— Вино молодое. С родины привез. — говорит сосед-грузим и закручивает правый ус, подбочениваясь: — будешь?
— В моем положении не выпить было бы крайне немудрым поступком. Как говаривали классики марксизма, диалектика положения диктует мне выпить. Кто я такой, чтобы против диалектики идти? — Батор пододвигает свой складной стакан вперед: — а кроме того у меня вопрос. К тебе Гоги, а не к этому предателю, который меня в лапы этой злобной фурии толкнул!
— Вот как. — сосед-грузин поднимает бутыль и наливает красного вина в складной стаканчик Батора: — только с утра она была богиня Диана и вообще «вышла из мрака младая, с перстами пурпурными Светка!» — декламирует он: — а вечером уже злобная фурия. Сердце водителя склонно к измене и к перемене как ветер мая… — выдает Гоги либретто из оперы.
— Это все Витька виноват! — Батор разом заглатывает свою порцию вина.
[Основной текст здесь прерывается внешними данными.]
lemma uniformly_continuous_inverse: "uniformly_continuous_on X (inv_into X f)"
proof -
  have "continuous_on X (inv_into X f)"
    using continuous_on_inv[OF continuous compact] inj image_eq by simp
  then show ?thesis
    using compact by (rule compact_uniformly_continuous)
qed

lemma inj_inverse: "inj_on (inv_into X f) X"
  by (simp add: inj_on_inv_into image_eq)

end

locale finite_invariant_set = expansive_homeomorphism X f for X f +
  fixes K
  assumes finite: "finite K" and subset: "K \<subseteq> X" and invariant: "f ` K \<subseteq> K"
begin

lemma image_K: "f ` K = K"
  using endo_inj_surj[OF finite invariant inj_on_subset[OF inj subset]] .

lemma zpow_in_K: "k \<in> K \<Longrightarrow> zpow X f n k \<in> K"
  using zpow_in_invariant[OF subset image_K] .

lemma inverse_in_K: "k \<in> K \<Longrightarrow> inv_into X f k \<in> K"
  using zpow_in_K[of k "-1"] zpow_pred[of k 0] subset by auto

lemma zpow_complement:
  assumes "x \<in> X - K"
  shows "zpow (X - K) f n x = zpow X f n x" "zpow X f n x \<in> X - K"
  using zpow_restrict[of "X - K"] zpow_in_invariant[of "X - K"] image_complement[OF subset image_K] assms
  by auto

text \<open>Such a sequence jumps by less than the separation of K, so it is an orbit.\<close>
lemma sequence_near_orbit_in_K:
  obtains \<epsilon> where "\<epsilon> > 0"
    "\<And>x \<kappa> n. x \<in> X \<Longrightarrow> (\<And>n. \<kappa> n \<in> K) \<Longrightarrow> (\<And>n. dist (zpow X f n x) (\<kappa> n) < \<epsilon>) \<Longrightarrow>
       \<kappa> n = zpow X f n (\<kappa> 0)"
proof -
  obtain s where "s > 0" and sep: "\<And>k k'. k \<in> K \<Longrightarrow> k' \<in> K \<Longrightarrow> k \<noteq> k' \<Longrightarrow> s \<le> dist k k'"
    using finite_separated[OF finite] by blast
  obtain \<eta> where "\<eta> > 0" and \<eta>: "\<forall>u\<in>X. \<forall>v\<in>X. dist u v < \<eta> \<longrightarrow> dist (f u) (f v) < s / 2"
    using uniformly_continuous \<open>s > 0\<close> unfolding uniformly_continuous_on_def
    by (meson half_gt_zero)
  show thesis
  proof (rule that[of "min \<eta> (s / 2)"])
    show "min \<eta> (s / 2) > 0"
      using \<open>\<eta> > 0\<close> \<open>s > 0\<close> by simp
    fix x \<kappa> n assume x: "x \<in> X" and \<kappa>: "\<And>n. \<kappa> n \<in> K"
      and near: "\<And>n. dist (zpow X f n x) (\<kappa> n) < min \<eta> (s / 2)"
    have \<kappa>X: "\<kappa> n \<in> X" for n
      using \<kappa> subset by blast
    have "\<kappa> (n + 1) = f (\<kappa> n)" for n
    proof (rule ccontr)
      assume "\<kappa> (n + 1) \<noteq> f (\<kappa> n)"
      moreover have "f (\<kappa> n) \<in> K"
        using invariant \<kappa> by blast
      ultimately have "s \<le> dist (f (\<kappa> n)) (\<kappa> (n + 1))"
        using sep \<kappa> by metis
      moreover have "dist (\<kappa> n) (zpow X f n x) < \<eta>"
        using near[of n] by (simp add: dist_commute)
      then have "dist (f (\<kappa> n)) (zpow X f (n + 1) x) < s / 2"
        using \<eta> \<kappa>X zpow_in[OF x] zpow_succ[OF x] by simp
      moreover have "dist (zpow X f (n + 1) x) (\<kappa> (n + 1)) < s / 2"
        using near[of "n + 1"] by simp
      ultimately show False
        using dist_triangle[of "f (\<kappa> n)" "\<kappa> (n + 1)" "zpow X f (n + 1) x"] by (simp add: dist_commute)
    qed
    then show "\<kappa> n = zpow X f n (\<kappa> 0)"
      using eq_zpow_if_step \<kappa>X by blast
  qed
qed

lemma orbit_near_K_imp_in_K:
  obtains \<epsilon> where "\<epsilon> > 0"
    "\<And>x. x \<in> X \<Longrightarrow> (\<And>n. \<exists>k\<in>K. dist (zpow X f n x) k < \<epsilon>) \<Longrightarrow> x \<in> K"
proof -
  obtain \<delta> where "\<delta> > 0"
    and \<delta>: "\<forall>x\<in>X. \<forall>y\<in>X. (\<forall>n. dist (zpow X f n x) (zpow X f n y) \<le> \<delta>) \<longrightarrow> x = y"
    using expansive by blast
  obtain \<epsilon> where "\<epsilon> > 0" and orbit: "\<And>x \<kappa> n. x \<in> X \<Longrightarrow> (\<And>n. \<kappa> n \<in> K) \<Longrightarrow>
      (\<And>n. dist (zpow X f n x) (\<kappa> n) < \<epsilon>) \<Longrightarrow> \<kappa> n = zpow X f n (\<kappa> 0)"
    using sequence_near_orbit_in_K by blast
  show thesis
  proof (rule that[of "min \<delta> \<epsilon>"])
    show "min \<delta> \<epsilon> > 0"
      using \<open>\<delta> > 0\<close> \<open>\<epsilon> > 0\<close> by simp
    fix x assume x: "x \<in> X" and near: "\<And>n. \<exists>k\<in>K. dist (zpow X f n x) k < min \<delta> \<epsilon>"
    then obtain \<kappa> where \<kappa>: "\<And>n. \<kappa> n \<in> K" "\<And>n. dist (zpow X f n x) (\<kappa> n) < min \<delta> \<epsilon>"
      by metis
    have "\<And>n. dist (zpow X f n x) (\<kappa> n) < \<epsilon>"
      using \<kappa>(2) by simp
    then have "\<kappa> n = zpow X f n (\<kappa> 0)" for n
      by (rule orbit[OF x \<kappa>(1)])
    then have "dist (zpow X f n x) (zpow X f n (\<kappa> 0)) \<le> \<delta>" for n
      using \<kappa>(2)[of n] by (metis less_imp_le min_less_iff_conj)
    then have "x = \<kappa> 0"
      using \<delta> x \<kappa>(1) subset by blast
    then show "x \<in> K"
      using \<kappa>(1) by simp
  qed
qed

lemma dyn_isolated: "dyn_isolated (top_of_set X) f K"
proof -
  obtain \<epsilon> where "\<epsilon> > 0"
    and shadow: "\<And>x. x \<in> X \<Longrightarrow> (\<And>n. \<exists>k\<in>K. dist (zpow X f n x) k < \<epsilon>) \<Longrightarrow> x \<in> K"
    using orbit_near_K_imp_in_K by blast
  define U where "U = X \<inter> (\<Union>k\<in>K. ball k \<epsilon>)"
  have "openin (top_of_set X) U" "U \<subseteq> X"
    by (auto simp: U_def openin_open_Int open_UN)
  moreover have "K \<subseteq> U"
    using subset \<open>\<epsilon> > 0\<close> by (auto simp: U_def)
  moreover have "(\<Inter>n. zpow X f n ` U) = K"
  proof (intro set_eqI iffI)
    fix x assume "x \<in> (\<Inter>n. zpow X f n ` U)"
    then have "x \<in> X" "\<And>n. zpow X f n x \<in> U"
      using mem_Inter_zpow_image[OF \<open>U \<subseteq> X\<close>] by auto
    then show "x \<in> K"
      using shadow by (force simp: U_def dist_commute)
  next
    fix x assume "x \<in> K"
    then show "x \<in> (\<Inter>n. zpow X f n ` U)"
      using mem_Inter_zpow_image[OF \<open>U \<subseteq> X\<close>] zpow_in_K \<open>K \<subseteq> U\<close> subset by blast
  qed
  ultimately show ?thesis
    unfolding dyn_isolated_def by (intro exI[of _ U]) simp
qed

lemma near_distinct_points_move_apart:
  assumes "s > 0" and sep: "\<And>k k'. k \<in> K \<Longrightarrow> k' \<in> K \<Longrightarrow> k \<noteq> k' \<Longrightarrow> s \<le> dist k k'"
  obtains \<epsilon> where "\<epsilon> > 0"
    "\<And>u v k k'. u \<in> X \<Longrightarrow> v \<in> X \<Longrightarrow> k \<in> K \<Longrightarrow> k' \<in> K \<Longrightarrow> k \<noteq> k' \<Longrightarrow>
       dist u k < \<epsilon> \<Longrightarrow> dist v k' < \<epsilon> \<Longrightarrow>
       s / 2 < dist (f u) (f v) \<and> s / 2 < dist (inv_into X f u) (inv_into X f v)"
proof -
  obtain \<epsilon>\<^sub>1 where "\<epsilon>\<^sub>1 > 0" and \<epsilon>\<^sub>1: "\<And>u v k k'. u \<in> X \<Longrightarrow> v \<in> X \<Longrightarrow> k \<in> X \<Longrightarrow> k' \<in> X \<Longrightarrow>
      s \<le> dist (f k) (f k') \<Longrightarrow> dist u k < \<epsilon>\<^sub>1 \<Longrightarrow> dist v k' < \<epsilon>\<^sub>1 \<Longrightarrow> s / 2 < dist (f u) (f v)"
    using uniformly_continuous_on_keeps_apart[OF uniformly_continuous \<open>s > 0\<close>] by metis
  obtain \<epsilon>\<^sub>2 where "\<epsilon>\<^sub>2 > 0" and \<epsilon>\<^sub>2: "\<And>u v k k'. u \<in> X \<Longrightarrow> v \<in> X \<Longrightarrow> k \<in> X \<Longrightarrow> k' \<in> X \<Longrightarrow>
      s \<le> dist (inv_into X f k) (inv_into X f k') \<Longrightarrow> dist u k < \<epsilon>\<^sub>2 \<Longrightarrow> dist v k' < \<epsilon>\<^sub>2 \<Longrightarrow>
      s / 2 < dist (inv_into X f u) (inv_into X f v)"
    using uniformly_continuous_on_keeps_apart[OF uniformly_continuous_inverse \<open>s > 0\<close>] by metis
  show thesis
  proof (rule that[of "min \<epsilon>\<^sub>1 \<epsilon>\<^sub>2"])
    show "min \<epsilon>\<^sub>1 \<epsilon>\<^sub>2 > 0"
      using \<open>\<epsilon>\<^sub>1 > 0\<close> \<open>\<epsilon>\<^sub>2 > 0\<close> by simp
    fix u v k k' assume uv: "u \<in> X" "v \<in> X" and kk': "k \<in> K" "k' \<in> K" "k \<noteq> k'"
      and near: "dist u k < min \<epsilon>\<^sub>1 \<epsilon>\<^sub>2" "dist v k' < min \<epsilon>\<^sub>1 \<epsilon>\<^sub>2"
    have "k \<in> X" "k' \<in> X"
      using kk' subset by auto
    have "f k \<noteq> f k'" "inv_into X f k \<noteq> inv_into X f k'"
      using kk' \<open>k \<in> X\<close> \<open>k' \<in> X\<close> inj inj_inverse by (auto dest: inj_onD)
    moreover have "f k \<in> K" "f k' \<in> K" "inv_into X f k \<in> K" "inv_into X f k' \<in> K"
      using kk' invariant inverse_in_K by auto
    ultimately have "s \<le> dist (f k) (f k')" "s \<le> dist (inv_into X f k) (inv_into X f k')"
      using sep by auto
    then show "s / 2 < dist (f u) (f v) \<and> s / 2 < dist (inv_into X f u) (inv_into X f v)"
      using \<epsilon>\<^sub>1[OF uv \<open>k \<in> X\<close> \<open>k' \<in> X\<close>] \<epsilon>\<^sub>2[OF uv \<open>k \<in> X\<close> \<open>k' \<in> X\<close>] near by simp
  qed
qed

text \<open>Two points close to distinct points of K are pushed apart by both f and its inverse, so they
  are again close to distinct points of K: once apart near K, two orbits stay so forever.\<close>
lemma apart_orbits_near_K_imp_in_K:
  assumes "r > 0"
  obtains \<epsilon> \<rho> where "\<epsilon> > 0" "\<rho> > 0" "\<rho> \<le> r"
    "\<And>x y n. x \<in> X \<Longrightarrow> y \<in> X \<Longrightarrow> \<rho> < dist (zpow X f n x) (zpow X f n y) \<Longrightarrow>
       (\<And>m. \<rho> < dist (zpow X f m x) (zpow X f m y) \<Longrightarrow>
          (\<exists>k\<in>K. dist (zpow X f m x) k < \<epsilon>) \<and> (\<exists>k\<in>K. dist (zpow X f m y) k < \<epsilon>)) \<Longrightarrow>
       x \<in> K"
proof -
  obtain s\<^sub>0 where "s\<^sub>0 > 0" and sep\<^sub>0: "\<And>k k'. k \<in> K \<Longrightarrow> k' \<in> K \<Longrightarrow> k \<noteq> k' \<Longrightarrow> s\<^sub>0 \<le> dist k k'"
    using finite_separated[OF finite] by blast
  define s where "s = min s\<^sub>0 (2 * r)"
  have "s > 0" and sep: "\<And>k k'. k \<in> K \<Longrightarrow> k' \<in> K \<Longrightarrow> k \<noteq> k' \<Longrightarrow> s \<le> dist k k'"
    using \<open>s\<^sub>0 > 0\<close> \<open>r > 0\<close> sep\<^sub>0 by (force simp: s_def)+
  obtain \<epsilon>\<^sub>1 where "\<epsilon>\<^sub>1 > 0"
    and shadow: "\<And>x. x \<in> X \<Longrightarrow> (\<And>n. \<exists>k\<in>K. dist (zpow X f n x) k < \<epsilon>\<^sub>1) \<Longrightarrow> x \<in> K"
    using orbit_near_K_imp_in_K by blast
  obtain \<epsilon>\<^sub>2 where "\<epsilon>\<^sub>2 > 0" and apart: "\<And>u v k k'. u \<in> X \<Longrightarrow> v \<in> X \<Longrightarrow> k \<in> K \<Longrightarrow> k' \<in> K \<Longrightarrow>
      k \<noteq> k' \<Longrightarrow> dist u k < \<epsilon>\<^sub>2 \<Longrightarrow> dist v k' < \<epsilon>\<^sub>2 \<Longrightarrow>
      s / 2 < dist (f u) (f v) \<and> s / 2 < dist (inv_into X f u) (inv_into X f v)"
    using near_distinct_points_move_apart[of s] \<open>s > 0\<close> sep by metis
  define \<epsilon> where "\<epsilon> = min (min \<epsilon>\<^sub>1 \<epsilon>\<^sub>2) (s / 4)"
  show thesis
  proof (rule that[of \<epsilon> "s / 2"])
    show "\<epsilon> > 0" "s / 2 > 0" "s / 2 \<le> r"
      using \<open>\<epsilon>\<^sub>1 > 0\<close> \<open>\<epsilon>\<^sub>2 > 0\<close> \<open>s > 0\<close> by (simp_all add: \<epsilon>_def s_def)
    fix x y n assume "x \<in> X" "y \<in> X" and "s / 2 < dist (zpow X f n x) (zpow X f n y)"
      and near: "\<And>m. s / 2 < dist (zpow X f m x) (zpow X f m y) \<Longrightarrow>
        (\<exists>k\<in>K. dist (zpow X f m x) k < \<epsilon>) \<and> (\<exists>k\<in>K. dist (zpow X f m y) k < \<epsilon>)"
    let ?x = "\<lambda>m. zpow X f m x" and ?y = "\<lambda>m. zpow X f m y"
    have step: "s / 2 < dist (?x (m + 1)) (?y (m + 1)) \<and> s / 2 < dist (?x (m - 1)) (?y (m - 1))"
      if far: "s / 2 < dist (?x m) (?y m)" for m
    proof -
      obtain k k' where k: "k \<in> K" "k' \<in> K" "dist (?x m) k < \<epsilon>" "dist (?y m) k' < \<epsilon>"
        using near[OF far] by blast
      moreover have "k \<noteq> k'"
        using far k dist_triangle_less_add[of "?x m" k \<epsilon> "?y m" \<epsilon>] by (auto simp: \<epsilon>_def dist_commute)
      ultimately show ?thesis
        using apart[of "?x m" "?y m" k k'] zpow_in \<open>x \<in> X\<close> \<open>y \<in> X\<close>
        by (simp add: zpow_succ zpow_pred \<epsilon>_def)
    qed
    have "s / 2 < dist (?x m) (?y m)" for m
      by (induction m rule: int_induct[where k = n]) (use \<open>s / 2 < dist (?x n) (?y n)\<close> step in auto)
    then show "x \<in> K"
      using shadow[OF \<open>x \<in> X\<close>] near by (force simp: \<epsilon>_def)
  qed
qed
— Эй! А тост? — огорчается Гоги: — мы же не алкоголики, чтобы без тоста… у нас скромное сообщество интеллектуалов и индивидов. Так сказать, клуб моральной взаимопомощи, а ты прямо стаканами глыкаешь! Если хочешь напиться, понимаешь, то это вон туда… — он кивает в сторону деклассированных элементов общества, откуда к ним уже выдвигается алкоголик Женечка.
— Да я чтобы на одной волне с вами быть. — оправдывается Батор: — а как мне еще быть⁈ Меня Светка знаешь как… — он осторожно прикасается к фингалу и морщится: — а все этот советчик, Витька! «Ступай к Светке, скажи ей что можешь и с Маринкой и с ней!» — передразнивает он.
— Не говорил я такого! — повышает голос Виктор: — я ж наоборот сказал, чтобы ты от нее отстал и дал мысли в порядок привести! А ты такой «пойду, поговорю!» Донжуан недоделанный. Какой девушке понравится, что ты такой «меня на всех хватит»⁈ Дурак совсем?
— Извините, джентльмены. — возле столика вырастает деклассированная личность алкоголика Женечки. Женечка держится достойно и только сглатывает при виде большой бутыли вина, его тощий кадык дрожит под бледной, словно куриной кожей.
— Прошу простить мое невольное вмешательство, однако хотел бы обратить ваше просвещенное внимание на тот факт, что данный индивид с утра совершенно никак не был замаран в суете бытия. — поясняет он: — ну нету ничего. А трубы горят. Даже одеколону в магазинах не продают. Да и денег на одеколон нету. А ведь ежели смешать одеколон «Тройной» и одеколон «Саша», то на выходе мы получим коктейль «Александр Третий»…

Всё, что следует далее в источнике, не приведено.